- Exercise brief -
Start at the line with "unfolding u_def by" in the records below, stop at the line with "(intro deriv_u) simp", and return every line in that span exactly, the two end lines included.

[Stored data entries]
lemma uniform_limit_translate:
  fixes F :: "'a::{real_normed_vector, heine_borel} \<Rightarrow> 'b::metric_space"
  assumes cont: "continuous_on (cball x0 R) F" and "R > 0"
    and small: "\<And>z. z \<in> Z \<Longrightarrow> norm (p z) \<le> R / 2"
  shows "uniform_limit Z (\<lambda>x z. F (x + p z)) (\<lambda>z. F (x0 + p z)) (at x0)"
  unfolding uniform_limit_iff
proof (intro allI impI)
  fix e :: real assume "e > 0"
  obtain \<delta> where \<delta>: "\<delta> > 0"
    "\<And>x x'. x \<in> cball x0 R \<Longrightarrow> x' \<in> cball x0 R \<Longrightarrow> dist x' x < \<delta> \<Longrightarrow> dist (F x') (F x) < e"
    using compact_uniformly_continuous[OF cont compact_cball] \<open>e > 0\<close>
    unfolding uniformly_continuous_on_def by blast
  have "eventually (\<lambda>x. x \<in> ball x0 (min \<delta> (R / 2))) (at x0)"
    using \<delta>(1) \<open>R > 0\<close> by (intro eventually_at_in_open') auto
  then show "eventually (\<lambda>x. \<forall>z\<in>Z. dist (F (x + p z)) (F (x0 + p z)) < e) (at x0)"
  proof eventually_elim
    case (elim x)
    show ?case
    proof
      fix z assume "z \<in> Z"
      then have "norm (p z) \<le> R / 2" by (rule small)
      moreover have "dist x0 (x + p z) \<le> dist x0 x + norm (p z)"
        using norm_triangle_ineq4[of "x0 - x" "p z"] by (simp add: dist_norm algebra_simps)
      ultimately have "x0 + p z \<in> cball x0 R" "x + p z \<in> cball x0 R"
        using elim \<open>R > 0\<close> by (auto simp: dist_norm)
      moreover have "dist (x + p z) (x0 + p z) < \<delta>"
        using elim by (simp add: dist_commute)
      ultimately show "dist (F (x + p z)) (F (x0 + p z)) < e" by (rule \<delta>(2))
    qed
  qed
qed

lemma has_field_derivative_along_complex_line:
  fixes \<phi> :: "complex^'d::finite \<Rightarrow> complex^'m::finite"
  assumes der: "(\<phi> has_derivative \<phi>') (at (d + z *s h))"
    and clinear: "\<And>c. \<phi>' (c *s h) = c *s \<phi>' h"
  shows "((\<lambda>z. \<phi> (d + z *s h) $ j) has_field_derivative \<phi>' h $ j) (at z)"
proof -
  have "((\<lambda>z::complex. d + z *s h) has_derivative (\<lambda>c. c *s h)) (at z)"
    by (rule has_derivative_vec_componentwise) (auto intro!: derivative_eq_intros)
  from has_derivative_compose[OF this der] clinear
  have "((\<lambda>z. \<phi> (d + z *s h)) has_derivative (\<lambda>c. c *s \<phi>' h)) (at z)"
    by (simp add: o_def)
  from bounded_linear.has_derivative[OF bounded_linear_vec_nth[of j] this] show ?thesis
    unfolding has_field_derivative_def by (rule has_derivative_eq_rhs) (auto simp: mult.commute)
qed

lemma ball_vector_scalar_mult_le:
  fixes h :: "'a::real_normed_field^'m::finite"
  assumes "e > 0"
  obtains r where "r > 0" and "\<And>z. z \<in> ball 0 r \<Longrightarrow> norm (z *s h) \<le> e"
proof
  have h1: "norm h + 1 > 0" by (simp add: add_nonneg_pos)
  show "e / (norm h + 1) > 0" using assms h1 by simp
  fix z :: 'a assume "z \<in> ball 0 (e / (norm h + 1))"
  then have "norm z * (norm h + 1) \<le> e" using h1 by (simp add: field_simps)
  moreover have "norm (z *s h) \<le> norm z * (norm h + 1)"
    by (simp add: norm_vector_scalar_mult mult_left_mono)
  ultimately show "norm (z *s h) \<le> e" by linarith
qed

text \<open>Charts only come with pointwise derivatives.  Continuity of the derivative follows from
  holomorphy along complex lines: derivatives of uniformly convergent holomorphic functions converge.\<close>
lemma complex_derivative_tendsto:
  fixes \<phi> :: "complex^'d::finite \<Rightarrow> complex^'m::finite"
  assumes "open D" and "d0 \<in> D"
    and der: "\<And>d. d \<in> D \<Longrightarrow> (\<phi> has_derivative \<phi>' d) (at d)"
    and clinear: "\<And>d c h. d \<in> D \<Longrightarrow> \<phi>' d (c *s h) = c *s \<phi>' d h"
  shows "((\<lambda>d. \<phi>' d h) \<longlongrightarrow> \<phi>' d0 h) (at d0)"
proof (rule vec_tendstoI)
  fix j
  obtain R where R: "R > 0" "cball d0 R \<subseteq> D"
    using \<open>open D\<close> \<open>d0 \<in> D\<close> open_contains_cball by blast
  obtain r where "r > 0" and small: "\<And>z. z \<in> ball 0 r \<Longrightarrow> norm (z *s h) \<le> R / 2"
    using ball_vector_scalar_mult_le[of "R / 2" h] R(1) by auto
  define u where "u d z = \<phi> (d + z *s h) $ j" for d z
  have near: "eventually (\<lambda>d. d \<in> ball d0 (R / 2)) (at d0)"
    using R(1) by (intro eventually_at_in_open') auto
  have u_der: "(u d has_field_derivative \<phi>' (d + z *s h) h $ j) (at z)"
    if "d \<in> ball d0 (R / 2)" "z \<in> ball 0 r" for d z
  proof -
    have "dist d0 (d + z *s h) \<le> dist d0 d + norm (z *s h)"
      using norm_triangle_ineq4[of "d0 - d" "z *s h"] by (simp add: dist_norm algebra_simps)
    then have "d + z *s h \<in> D" using that small[OF that(2)] R(2) by (auto simp: dist_norm)
    then show ?thesis
      unfolding u_def by (intro has_field_derivative_along_complex_line der clinear)
  qed
  have deriv_u: "deriv (u d) 0 = \<phi>' d h $ j" if "d \<in> ball d0 (R / 2)" for d
    using u_der[OF that, of 0] \<open>r > 0\<close> by (simp add: DERIV_imp_deriv)
  have "continuous_on D \<phi>"
    using der by (meson has_derivative_continuous continuous_at_imp_continuous_on)
  then have "continuous_on (cball d0 R) (\<lambda>x. \<phi> x $ j)"
    by (intro continuous_on_component continuous_on_subset[OF _ R(2)])
  then have "uniform_limit (ball 0 r) u (u d0) (at d0)"
    unfolding u_def using R(1) small by (rule uniform_limit_translate)
  then have "((\<lambda>d. deriv (u d) 0) \<longlongrightarrow> deriv (u d0) 0) (at d0)"
  proof (rule deriv_complex_uniform_limit)
    show "eventually (\<lambda>d. u d holomorphic_on ball 0 r) (at d0)"
      using near
    proof eventually_elim
      case (elim d)
      show ?case
        unfolding holomorphic_on_open[OF open_ball] by (blast intro: u_der[OF elim])
    qed
  qed (use \<open>r > 0\<close> in simp_all)
  moreover have "deriv (u d0) 0 = \<phi>' d0 h $ j" using R(1) by (intro deriv_u) simp
  ultimately have "((\<lambda>d. deriv (u d) 0) \<longlongrightarrow> \<phi>' d0 h $ j) (at d0)" by simp
  moreover have "eventually (\<lambda>d. deriv (u d) 0 = \<phi>' d h $ j) (at d0)"
    using near by eventually_elim (rule deriv_u)
  ultimately show "((\<lambda>d. \<phi>' d h $ j) \<longlongrightarrow> \<phi>' d0 h $ j) (at d0)"
    by (rule Lim_transform_eventually)
qed

section \<open>The forms Omega and gamma on C^{2n+2}\<close>

lemma Omega_add_left: "Omega (x + y) z = Omega x z + Omega y z"
  by (simp add: Omega_def algebra_simps sum.distrib sum_subtractf)

lemma Omega_add_right: "Omega z (x + y) = Omega z x + Omega z y"
  by (simp add: Omega_def algebra_simps sum.distrib sum_subtractf)

lemma Omega_scale_left: "Omega (c *s x) z = c * Omega x z"
  by (simp add: Omega_def algebra_simps sum_distrib_left sum_subtractf)

lemma Omega_scale_right: "Omega z (c *s x) = c * Omega z x"
  by (simp add: Omega_def algebra_simps sum_distrib_left sum_subtractf)

lemma Omega_swap: "Omega x y = - Omega y x"
  by (simp add: Omega_def algebra_simps sum_subtractf)

lemma Omega_self [simp]: "Omega x x = 0"
  by (simp add: Omega_def algebra_simps)

lemma Omega_tau: "Omega (tau x) (tau y) = cnj (Omega x y)"
  by (simp add: Omega_def tau_def)

lemma tau_add: "tau (x + y) = tau x + tau y"
  by (simp add: tau_def vec_eq_iff)

lemma tau_scale: "tau (c *s x) = cnj c *s tau x"
  by (simp add: tau_def vec_eq_iff)

lemma tendsto_Omega [tendsto_intros]:
  "(u \<longlongrightarrow> u0) F \<Longrightarrow> (w \<longlongrightarrow> w0) F \<Longrightarrow> ((\<lambda>x. Omega (u x) (w x)) \<longlongrightarrow> Omega u0 w0) F"
  unfolding Omega_def by (intro tendsto_intros)

lemma tendsto_gamma [tendsto_intros]:
  "(u \<longlongrightarrow> u0) F \<Longrightarrow> (w \<longlongrightarrow> w0) F \<Longrightarrow> ((\<lambda>x. gamma (u x) (w x)) \<longlongrightarrow> gamma u0 w0) F"
  unfolding gamma_def tau_def by (intro tendsto_intros)

definition xvec :: "complex \<Rightarrow> complex \<Rightarrow> complex^('n::finite + 'n) \<Rightarrow> complex^('n option + 'n option)" where
  "xvec a b v = (\<chi> j. case j of Inl None \<Rightarrow> a | Inr None \<Rightarrow> b
                               | Inl (Some i) \<Rightarrow> v $ Inl i | Inr (Some i) \<Rightarrow> v $ Inr i)"

definition xtail :: "complex^('n::finite option + 'n option) \<Rightarrow> complex^('n + 'n)" where
  "xtail x = (\<chi> j. case j of Inl i \<Rightarrow> x $ Inl (Some i) | Inr i \<Rightarrow> x $ Inr (Some i))"

lemma xvec_nth [simp]:
  "xvec a b v $ Inl None = a" "xvec a b v $ Inr None = b"
  "xvec a b v $ Inl (Some i) = v $ Inl i" "xvec a b v $ Inr (Some i) = v $ Inr i"
  by (simp_all add: xvec_def)

lemma xtail_xvec [simp]: "xtail (xvec a b v) = v"
  by (simp add: xtail_def vec_eq_iff split: sum.split)

lemma bounded_linear_xtail: "bounded_linear xtail"
proof -
  have "linear xtail" by (rule linearI) (simp_all add: xtail_def vec_eq_iff split: sum.split)
  then show ?thesis by (simp add: linear_conv_bounded_linear)
qed

lemma xvec_eq_iff: "xvec a b v = xvec a' b' v' \<longleftrightarrow> a = a' \<and> b = b' \<and> v = v'"
  by (metis xvec_nth(1,2) xtail_xvec)

lemma xvec_add: "xvec a b v + xvec a' b' v' = xvec (a + a') (b + b') (v + v')"
  by (simp add: vec_eq_iff xvec_def split: sum.split option.split)

lemma xvec_scale: "c *s xvec a b v = xvec (c * a) (c * b) (c *s v)"
  by (simp add: vec_eq_iff xvec_def split: sum.split option.split)

lemma xvec_zero: "xvec 0 0 0 = 0"
  by (simp add: vec_eq_iff xvec_def split: sum.split option.split)

lemma tau_xvec: "tau (xvec a b v) = xvec (cnj a) (cnj b) (tau v)"
  by (simp add: vec_eq_iff xvec_def tau_def split: sum.split option.split)

lemma Omega_xvec: "Omega (xvec a b v) (xvec a' b' v') = a * b' - b * a' + Omega v v'"
  by (simp add: Omega_def UNIV_option_conv sum.reindex)

lemma lift_eq_xvec: "lift f q = xvec 1 (f q) q"
  by (simp add: lift_def xvec_def)

lemma has_derivative_xvec:
  fixes v :: "'a::real_normed_vector \<Rightarrow> complex^('n::finite + 'n)"
  assumes "(a has_derivative a') (at x)" "(b has_derivative b') (at x)" "(v has_derivative v') (at x)"
  shows "((\<lambda>x. xvec (a x) (b x) (v x)) has_derivative (\<lambda>h. xvec (a' h) (b' h) (v' h))) (at x)"
proof (rule has_derivative_vec_componentwise)
  fix j :: "'n option + 'n option"
  have "((\<lambda>x. v x $ i) has_derivative (\<lambda>h. v' h $ i)) (at x)" for i
    using bounded_linear.has_derivative[OF bounded_linear_vec_nth assms(3)] .
  then show "((\<lambda>x. xvec (a x) (b x) (v x) $ j) has_derivative (\<lambda>h. xvec (a' h) (b' h) (v' h) $ j)) (at x)"
    using assms(1,2) by (cases j rule: sum.exhaust; rename_tac k; case_tac k) auto
qed

lemma has_derivative_vector_scalar_mult:
  fixes v :: "'a::real_normed_vector \<Rightarrow> complex^'m::finite"
  assumes "(c has_derivative c') (at x)" "(v has_derivative v') (at x)"
  shows "((\<lambda>x. c x *s v x) has_derivative (\<lambda>h. c' h *s v x + c x *s v' h)) (at x)"
proof (rule has_derivative_vec_componentwise)
  fix j
  have "((\<lambda>x. v x $ j) has_derivative (\<lambda>h. v' h $ j)) (at x)"
    using bounded_linear.has_derivative[OF bounded_linear_vec_nth assms(2)] .
  from has_derivative_mult[OF assms(1) this]
  show "((\<lambda>x. (c x *s v x) $ j) has_derivative (\<lambda>h. (c' h *s v x + c x *s v' h) $ j)) (at x)"
    by (simp add: algebra_simps)
qed

lemma tendsto_vector_scalar_mult [tendsto_intros]:
  fixes v :: "'b \<Rightarrow> 'a::real_normed_field^'m::finite"
  shows "(c \<longlongrightarrow> c0) F \<Longrightarrow> (v \<longlongrightarrow> v0) F \<Longrightarrow> ((\<lambda>x. c x *s v x) \<longlongrightarrow> c0 *s v0) F"
  unfolding vector_scalar_mult_def by (intro tendsto_intros)

lemma tendsto_xvec [tendsto_intros]:
  fixes v :: "'c \<Rightarrow> complex^('n::finite + 'n)"
  assumes "(a \<longlongrightarrow> a0) F" "(b \<longlongrightarrow> b0) F" "(v \<longlongrightarrow> v0) F"
  shows "((\<lambda>x. xvec (a x) (b x) (v x)) \<longlongrightarrow> xvec a0 b0 v0) F"
  unfolding xvec_def using assms
  by (intro tendsto_vec_lambda) (auto intro!: tendsto_intros split: sum.split option.split)

section \<open>The cone chart\<close>

text \<open>Parameters of the cone live in C^{n+1} = complex^('n option); None is the radial coordinate.\<close>
definition vcons :: "complex \<Rightarrow> complex^'n \<Rightarrow> complex^('n::finite option)" where
  "vcons c d = (\<chi> j. case j of None \<Rightarrow> c | Some i \<Rightarrow> d $ i)"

- Your solution -
      unfolding u_def by (intro has_field_derivative_along_complex_line der clinear)
  qed
  have deriv_u: "deriv (u d) 0 = \<phi>' d h $ j" if "d \<in> ball d0 (R / 2)" for d
    using u_der[OF that, of 0] \<open>r > 0\<close> by (simp add: DERIV_imp_deriv)
  have "continuous_on D \<phi>"
    using der by (meson has_derivative_continuous continuous_at_imp_continuous_on)
  then have "continuous_on (cball d0 R) (\<lambda>x. \<phi> x $ j)"
    by (intro continuous_on_component continuous_on_subset[OF _ R(2)])
  then have "uniform_limit (ball 0 r) u (u d0) (at d0)"
    unfolding u_def using R(1) small by (rule uniform_limit_translate)
  then have "((\<lambda>d. deriv (u d) 0) \<longlongrightarrow> deriv (u d0) 0) (at d0)"
  proof (rule deriv_complex_uniform_limit)
    show "eventually (\<lambda>d. u d holomorphic_on ball 0 r) (at d0)"
      using near
    proof eventually_elim
      case (elim d)
      show ?case
        unfolding holomorphic_on_open[OF open_ball] by (blast intro: u_der[OF elim])
    qed
  qed (use \<open>r > 0\<close> in simp_all)
  moreover have "deriv (u d0) 0 = \<phi>' d0 h $ j" using R(1) by (intro deriv_u) simp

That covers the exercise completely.